In the meantime, they had to figure out what they were going to do for work. The Grill on the Green would have long since given up on her and mailed her last check. They could live on that for a little while if the Murrays would forgive their rent. Then she was going to have to pick up temp work, since nobody would give a permanent job to someone who’d just take off in a few months to give birth. But Wolf needed something with benefits so she could see a gynecologist. She wondered what he could do. All she really knew was the food business. The idea of Wolf as a waiter was a bizarre one, but he would make a charming maitre’d. A busboy job would bring a little money in, but busboys were too expendable to get health benefits.

“Wolf, what do you know how to do? I mean, like a job.”

His shrug was interrupted by the arrival of their plates, and then there was no conversation until he finished eating. Wolf being Wolf, his food was gone before she was through cutting her ham. She pushed her toast over to him, and he considered her question as he spread jelly liberally over the warm bread.

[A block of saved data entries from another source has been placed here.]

lemma P_eff_eq_energy:
  assumes "dirichlet_sol W E c a0 Bd v"
  shows "P_eff W E c a0 Bd = energy W c v v / 2"
proof -
  have v_harmonic: "\<forall>x\<in>W - (Bd \<union> {a0}). laplacian W c v x = 0"
    and v_boundary: "\<forall>x\<in>Bd. v x = 0" and v_a0: "v a0 = 1"
    using assms by (simp_all add: dirichlet_sol_iff)
  have "(THE v. dirichlet_sol W E c a0 Bd v) = v"
    using assms dirichlet_sol_unique by blast
  moreover have "(\<Sum>x\<in>{x\<in>W. E x a0}. (1 - v x) * c x a0) = (\<Sum>x\<in>W. (1 - v x) * c x a0)"
    using finite_W non_edge a0_in_W by (intro sum.mono_neutral_left) auto
  ultimately have "P_eff W E c a0 Bd = (\<Sum>x\<in>W. (1 - v x) * c x a0)"
    unfolding P_eff_def by simp
  also have "\<dots> = - laplacian W c v a0"
    using v_a0 c_sym by (simp add: laplacian_def sum_negf[symmetric] algebra_simps)
  also have "\<dots> = energy W c v v / 2"
    using energy_harmonic[OF finite_W a0_in_W c_sym v_harmonic v_boundary] v_a0 by simp
  finally show ?thesis .
qed

lemma P_eff_le_energy:
  assumes "a0 \<notin> Bd" "\<forall>x\<in>Bd. g x = 0" "g a0 = 1"
  shows "P_eff W E c a0 Bd \<le> energy W c g g / 2"
proof -
  obtain v where v: "dirichlet_sol W E c a0 Bd v"
    using dirichlet_sol_exists[OF assms(1)] by blast
  then have "\<forall>x\<in>W - (Bd \<union> {a0}). laplacian W c v x = 0" "\<forall>x\<in>Bd. v x = 0" "v a0 = 1"
    by (simp_all add: dirichlet_sol_iff)
  then have "energy W c v v \<le> energy W c g g"
    using dirichlet_principle[OF finite_W a0_in_W c_sym c_nonneg] assms(2,3) by blast
  then show ?thesis
    using P_eff_eq_energy[OF v] by simp
qed

end

context
  fixes V E rho a0 B
  assumes N: "network V E rho a0 B"
begin

lemma network_edge_in_V: "E x y \<Longrightarrow> x \<in> V \<and> y \<in> V"
  using N by (simp add: network_def)

lemma network_walkn_gdist:
  assumes "x \<in> V"
  shows "walkn E a0 (gdist E a0 x) x"
proof -
  have "\<exists>m. walkn E a0 m x"
    using N assms by (simp add: network_def)
  then show ?thesis
    by (metis walkn_gdist)
qed

lemma finite_ballV: "finite (ballV V E a0 k)"
proof (induction k)
  case 0
  have "ballV V E a0 0 \<subseteq> {a0}"
    using network_walkn_gdist by (fastforce simp: ballV_def walkn_0_iff)
  then show ?case
    by (rule finite_subset) simp
next
  case (Suc k)
  have "ballV V E a0 (Suc k) \<subseteq> ballV V E a0 k \<union> (\<Union>x\<in>ballV V E a0 k. {y. E x y})"
  proof
    fix y
    assume y: "y \<in> ballV V E a0 (Suc k)"
    show "y \<in> ballV V E a0 k \<union> (\<Union>x\<in>ballV V E a0 k. {y. E x y})"
    proof (cases "gdist E a0 y \<le> k")
      case False
      with y have "walkn E a0 (Suc k) y"
        using network_walkn_gdist[of y] by (simp add: ballV_def le_Suc_eq)
      then obtain x where "walkn E a0 k x" "E x y"
        by (rule walkn_SucE)
      then have "x \<in> ballV V E a0 k"
        using gdist_le network_edge_in_V by (auto simp: ballV_def)
      with \<open>E x y\<close> show ?thesis by blast
    qed (use y in \<open>simp add: ballV_def\<close>)
  qed
  moreover have "finite {y. E x y}" if "x \<in> ballV V E a0 k" for x
    using N that by (simp add: network_def ballV_def)
  ultimately show ?case
    using Suc.IH by (simp add: finite_subset)
qed
(* Box-adding operator t_i applied to a composition, returning the new composition together
   with the (row, column) position (1-indexed, rows top to bottom) of the added box;
   None represents 0.  t_i is only defined for i >= 1. *)
definition tbox :: "nat \<Rightarrow> nat list \<Rightarrow> (nat list \<times> nat \<times> nat) option" where
  "tbox i \<alpha> =
     (if i = 0 then None
      else if i = 1 then Some (1 # \<alpha>, 1, 1)
      else if (i - 1) \<in> set \<alpha> then
        (let k = (LEAST k. k < length \<alpha> \<and> \<alpha> ! k = i - 1) in Some (\<alpha>[k := i], Suc k, i))
      else None)"

definition top :: "nat \<Rightarrow> nat list option \<Rightarrow> nat list option" where
  "top i x = Option.bind x (\<lambda>\<alpha>. map_option fst (tbox i \<alpha>))"

definition act :: "nat list \<Rightarrow> nat list \<Rightarrow> nat list option" where
  "act w \<alpha> = foldr top w (Some \<alpha>)"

“I’m strong, I can do manual work-loading carts, chopping wood, washing dishes, that sort of thing. Something where they won’t ask questions. But I was a chef once. Can you get work as a cook without references here?”

He was a what? Bizarre images of Wolf ravening his way through a restaurant’s kitchen played through her imagination. “You were a chef? You were a chef?

He looked offended. “Yeah, I was a chef. Well, a cook. It would have taken a few more years to be a top chef, and I kinda went to jail before I finished.”

“How did you...”…keep from eating everything in the place? “Get chef training?”

Wolf shrugged again and stole another piece of toast. “My father insisted that we all learn trades, so he apprenticed us all out when we were old enough. Russ learned carpentry, Littlebit learned fancy sewing, and I wanted to learn to cook.”

Russ? Littlebit? She was going to have to have a long talk with him about his family. Soon. But in the meantime… “Wolf, this is perfect! Top cooks make good money, and if the customers are happy, nobody will ask questions.”

Virginia leaned back, shaking her head but smiling. “I can’t believe you were a cook.”

“Of course I was,” Wolf said, snitching her last piece of toast. “As you can guess, I was always happiest around food.”